Pushforward of pullback of a sheaf

Are there any reasonable hypotheses on a map $f: X \to Y$ and a sheaf $E$ on $Y$ so that $f_* f^* E \cong E$?


Solution 1:

Have you looked at this question? -This is a sort of reciprocal of yours.

Both functors $f^*$ and $f_*$ are adjoints ($f^*$ left, $f_*$ right). In the previous question, it was asked when the counit of the adjunction $f^*f_*{\cal F} \longrightarrow {\cal F}$ was an isomorphism. The case $Y=*$ a point gives a nice example of what you can expect then.

As for your case, you are asking when the unit of the adjunction ${\cal F} \longrightarrow f_*f^*{\cal F}$ is an isomorphism.
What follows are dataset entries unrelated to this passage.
theorem lemma1p2p3:
  fixes X :: "'v set set" and \<delta> :: "nat \<Rightarrow> int"
  assumes "finite_complex X" and "connected_complex X" and "cellular_perversity \<delta>"
  shows "(\<forall>s\<in>X. \<forall>t\<in>X. incident s t \<and> pval \<delta> s \<ge> pval \<delta> t \<longrightarrow>
            lam_ge X \<delta> s t \<and>
            (\<exists>xs. lam_chain X \<delta> xs \<and> hd xs = s \<and> last xs = t \<and>
                  (\<forall>u\<in>set xs. incident s u \<and> incident u t)))
       \<and> (\<forall>s\<in>X. \<forall>t\<in>X. lam_ge X \<delta> s t \<and>
            (pval \<delta> s \<ge> pval \<delta> t \<and> pval \<delta> t \<ge> 0 \<or> 0 \<ge> pval \<delta> s \<and> pval \<delta> s \<ge> pval \<delta> t)
            \<longrightarrow> incident s t)
       \<and> (\<forall>s\<in>X. \<forall>t\<in>X. lam_gt X \<delta> s t \<and> \<not> incident s t \<longrightarrow>
            pval \<delta> s > 0 \<and> pval \<delta> t < 0 \<and>
            (pval \<delta> s - pval \<delta> t = 2 \<longrightarrow> pval \<delta> s = 1 \<and> pval \<delta> t = -1))"
proof (intro conjI ballI impI)
  have X: "simplicial_complex X" using assms(1) by (simp add: finite_complex_def)
  note P = assms(3)
  fix s t
  assume "s \<in> X" "t \<in> X"
  {
    assume "incident s t \<and> pval \<delta> s \<ge> pval \<delta> t"
    then obtain xs where "lam_chain X \<delta> xs" "hd xs = s" "last xs = t"
      and "\<forall>u\<in>set xs. incident s u \<and> incident u t"
      using lam_chain_between_incident[OF X P \<open>s \<in> X\<close> \<open>t \<in> X\<close>] by blast
    then show "lam_ge X \<delta> s t"
      and "\<exists>xs. lam_chain X \<delta> xs \<and> hd xs = s \<and> last xs = t \<and>
                 (\<forall>u\<in>set xs. incident s u \<and> incident u t)"
      by (auto simp: lam_ge_def)
  }
  {
    assume "lam_ge X \<delta> s t \<and>
      (pval \<delta> s \<ge> pval \<delta> t \<and> pval \<delta> t \<ge> 0 \<or> 0 \<ge> pval \<delta> s \<and> pval \<delta> s \<ge> pval \<delta> t)"
    then show "incident s t" using lam_ge_imp_incident[OF X P] by blast
  }
  assume "lam_gt X \<delta> s t \<and> \<not> incident s t"
  then have "lam_ge X \<delta> s t" "\<not> incident s t" by (simp_all add: lam_gt_def)
  then have "pval \<delta> t < 0" "0 < pval \<delta> s"
    using lam_ge_imp_incident[OF X P] by force+
  then show "pval \<delta> s > 0" "pval \<delta> t < 0"
    and "pval \<delta> s - pval \<delta> t = 2 \<Longrightarrow> pval \<delta> s = 1"
    and "pval \<delta> s - pval \<delta> t = 2 \<Longrightarrow> pval \<delta> t = -1"
    by auto
qed

end
text \<open>
  Let \<open>n = DIM('a)\<close>, \<open>m = n - d\<close> and \<open>\<lambda> = n / m\<close>, and write \<open>h\<^sub>K, h\<^sub>L\<close> for the
  support functions of \<open>K\<close> and \<open>L\<close>.  The proof works entirely with these sublinear functions.

  (1) If a translate of the projection of \<open>K\<close> onto an \<open>m\<close>-dimensional subspace \<open>\<xi>\<close> lies in the
      projection of \<open>L\<close>, then \<open>h\<^sub>K u + w \<bullet> u \<le> h\<^sub>L u\<close> for all \<open>u \<in> \<xi>\<close>.  Since \<open>m + 1\<close> vectors
      with sum zero span a space of dimension at most \<open>m\<close>, every such family \<open>a\<close> satisfies
      \<open>\<Sum> h\<^sub>K(a\<^sub>i) \<le> \<Sum> h\<^sub>L(a\<^sub>i)\<close>.
  (2) A symmetrisation argument (induction on the size \<open>N\<close> of the family, perturbing it to
      \<open>a\<^sub>i + a\<^sub>j/N\<close>) upgrades this to \<open>m \<Sum> h\<^sub>K(a\<^sub>i) \<le> (N - 1) \<Sum> h\<^sub>L(a\<^sub>i)\<close>; so families of at most
      \<open>n + 1\<close> vectors satisfy \<open>\<Sum> g(a\<^sub>i) \<le> 0\<close> for \<open>g = h\<^sub>K - \<lambda> h\<^sub>L\<close>.
  (3) A Caratheodory-type splitting extends \<open>\<Sum> g(a\<^sub>i) \<le> 0\<close> to all finite zero-sum families,
      and a separating hyperplane for the convex hull of the graph of \<open>g\<close> then yields a
      linear functional with \<open>g u \<le> z \<bullet> u\<close>, i.e. \<open>h\<^sub>K u - z \<bullet> u \<le> \<lambda> h\<^sub>L u\<close>.
  (4) Since compact convex sets are determined by their support functions, \<open>K - z \<subseteq> \<lambda> L\<close>.
\<close>

section \<open>Sublinear functions\<close>

text \<open>Positive homogeneity and subadditivity, the two properties of support functions that the
  combinatorial part of the argument uses.\<close>

definition pos_homogeneous :: "('a::real_vector \<Rightarrow> real) \<Rightarrow> bool" where
  "pos_homogeneous h \<longleftrightarrow> (\<forall>c u. 0 \<le> c \<longrightarrow> h (c *\<^sub>R u) = c * h u)"
lemma not_lp_invertible_if_solution_periodic_modulus:
  fixes K :: nat
  assumes p: "1 \<le> p" and A: "jacobi_truncation v S A"
    and long: "\<And>L::nat. \<exists>a. {a .. a + int L} \<subseteq> S"
    and \<phi>: "is_solution v \<phi>" "\<phi> n\<^sub>0 \<noteq> 0"
    and K: "K > 0" and modulus: "\<And>n. cmod (\<phi> (n + int K)) = cmod (\<phi> n)"
  shows "\<not> lp_invertible p S A"
proof
  assume "lp_invertible p S A"
  then obtain C where C: "C \<ge> 0"
    and below: "\<And>x. x \<in> lp_space p S \<Longrightarrow> A x \<in> lp_space p S \<Longrightarrow> lp_norm p x \<le> C * lp_norm p (A x)"
    using lp_invertible_imp_bounded_below by blast
  obtain \<Phi> where \<Phi>: "\<And>n. cmod (\<phi> n) \<le> \<Phi>"
    using periodic_int_bounded[of "int K" "\<lambda>n. cmod (\<phi> n)"] K modulus by auto
  define c\<^sub>0 where "c\<^sub>0 = cmod (\<phi> n\<^sub>0)"
  have c\<^sub>0: "c\<^sub>0 > 0" using \<phi>(2) by (simp add: c\<^sub>0_def)
  define J :: nat where "J = nat \<lceil>10 * C * \<Phi> / c\<^sub>0\<rceil> + 1"
  have J: "J \<ge> 1" "10 * C * \<Phi> < J * c\<^sub>0"
    using c\<^sub>0 by (simp_all add: J_def pos_divide_less_eq[symmetric]) linarith
  obtain t where S: "{n\<^sub>0 + int K * t - int (2 * K * J) .. n\<^sub>0 + int K * t + int (2 * K * J)} \<subseteq> S"
    using centered_interval_in_residue_class[OF long K] by blast
  have centre: "cmod (\<phi> (n\<^sub>0 + int K * t)) = c\<^sub>0"
    unfolding c\<^sub>0_def by (rule periodic_int_shift[where f = "\<lambda>n. cmod (\<phi> n)", OF modulus])
  note norms = tent_cutoff_norms[OF p A \<phi>(1) \<Phi> K J(1) modulus S, unfolded centre]
  have "lp_root p J * (c\<^sub>0 / 2) \<le> C * (lp_root p J * (5 * \<Phi> / J))"
    using norms(3) below[OF norms(1,2)] mult_left_mono[OF norms(4) C] by linarith
  also have "\<dots> = lp_root p J * (C * (5 * \<Phi> / J))" by (simp add: mult_ac)
  finally have "c\<^sub>0 / 2 \<le> C * (5 * \<Phi> / J)"
    using lp_root_pos[of J p] J by (subst (asm) mult_le_cancel_left_pos) auto
  then show False using J by (simp add: field_simps)
qed


section \<open>Exponentially decaying kernels on \<open>\<ell>\<^sup>p\<close>\<close>

lemma has_sum_two_sided_geometric:
  fixes q :: real
  assumes q: "0 \<le> q" "q < 1"
  shows "((\<lambda>m::int. q ^ nat \<bar>n - m\<bar>) has_sum (1 + q) / (1 - q)) UNIV"
proof -
  have below: "((\<lambda>j. q ^ j) has_sum 1 / (1 - q)) UNIV"
    by (rule sums_nonneg_imp_has_sum[OF geometric_sums]) (use q in auto)
  have above: "((\<lambda>j. q ^ Suc j) has_sum q * (1 / (1 - q))) UNIV"
    using has_sum_cmult_right[OF below, of q] by simp
  have "((\<lambda>m::int. q ^ nat \<bar>n - m\<bar>) has_sum 1 / (1 - q)) (range (\<lambda>j. n - int j))"
    using below by (subst has_sum_reindex) (auto simp: inj_on_def o_def)
  moreover have "((\<lambda>m::int. q ^ nat \<bar>n - m\<bar>) has_sum q * (1 / (1 - q))) (range (\<lambda>j. n + int j + 1))"
  proof -
    have "nat \<bar>n - (n + int j + 1)\<bar> = Suc j" for j by simp
    then show ?thesis using above by (subst has_sum_reindex) (auto simp: inj_on_def o_def)
  qed
  moreover have "range (\<lambda>j. n - int j) \<union> range (\<lambda>j. n + int j + 1) = UNIV"
  proof -
    have "m \<in> range (\<lambda>j. n - int j) \<union> range (\<lambda>j. n + int j + 1)" for m
    proof (cases "m \<le> n")
      case True
      then have "m = n - int (nat (n - m))" by simp
      then show ?thesis by blast
    next
      case False
      then have "m = n + int (nat (m - n - 1)) + 1" by simp
      then show ?thesis by blast
    qed
    then show ?thesis by blast
  qed
  moreover have "range (\<lambda>j. n - int j) \<inter> range (\<lambda>j. n + int j + 1) = {}" by auto
  ultimately have "((\<lambda>m::int. q ^ nat \<bar>n - m\<bar>) has_sum 1 / (1 - q) + q * (1 / (1 - q))) UNIV"
    using has_sum_Un_disjoint by metis
  then show ?thesis using q by (simp add: field_simps)
qed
An interesting case for you could be the following: take $X = Y_\mathrm{dis}$; that is, $Y$ with the discrete topology, in which every point is an open set, and $f= \mathrm{id} :Y_\mathrm{dis} \longrightarrow Y $ to be the identity map. Then, $f_*f^*{\cal F} = \prod_{y\in Y} y_*({\cal F}_y) $, where ${\cal F}_y $ is the stalk of ${\cal F}$ at the point $y$ and $y_*$ is the direct image functor induced by the inclusion of a one-point space ${*} \hookrightarrow Y$ at the point $y$. That is, $y_*({\cal F}_y)$ is a skyscraper sheaf.

Or, if you want it simpler, take $X = {*}$ a one-point space and you can delete that product $\prod_{y\in Y}$, getting just ${\cal F} \longrightarrow y_*({\cal F}_y)$.

Anyway, for that $f = \mathrm{id}$, $f_*f^*{\cal F}$ is the first stage of the Godement cosimplicial resolution and gives you always a flasque sheaf out of an arbitrary one.

Solution 2:

This question may have general interest to students in algebraic geometry.

If $f:X:=Spec(B)\rightarrow S:=Spec(A)$ is a map of affine schemes and if $E$ is an $A$-module with $\mathcal{E}$ the corresponding $\mathcal{O}_X$-module, it follows $f_*f^*(\mathcal{E})$ is the sheafification of $B\otimes_A E$ as left $A$-module. There are canonical $A$-linear map $i:E\rightarrow B\otimes_A E$ and $\rho:B\otimes_A E \rightarrow E$ defined by $i(e):=1\otimes e$ and $\rho(b\otimes e):=be$. The maps $i,\rho$ are seldom isomorphisms.

Question. "Are there any reasonable hypotheses on a map $f:X\rightarrow Y$ and a sheaf $\mathcal{E}$ on $Y$ so that $f_*f^*\mathcal{E} \cong \mathcal{E}$?"

Answer: In the affine situation it follows the sheaf $f_*f^*(\mathcal{E})$ is seldom isomorphic to $\mathcal{E}$. In the trivial case when $X=S$ it is true.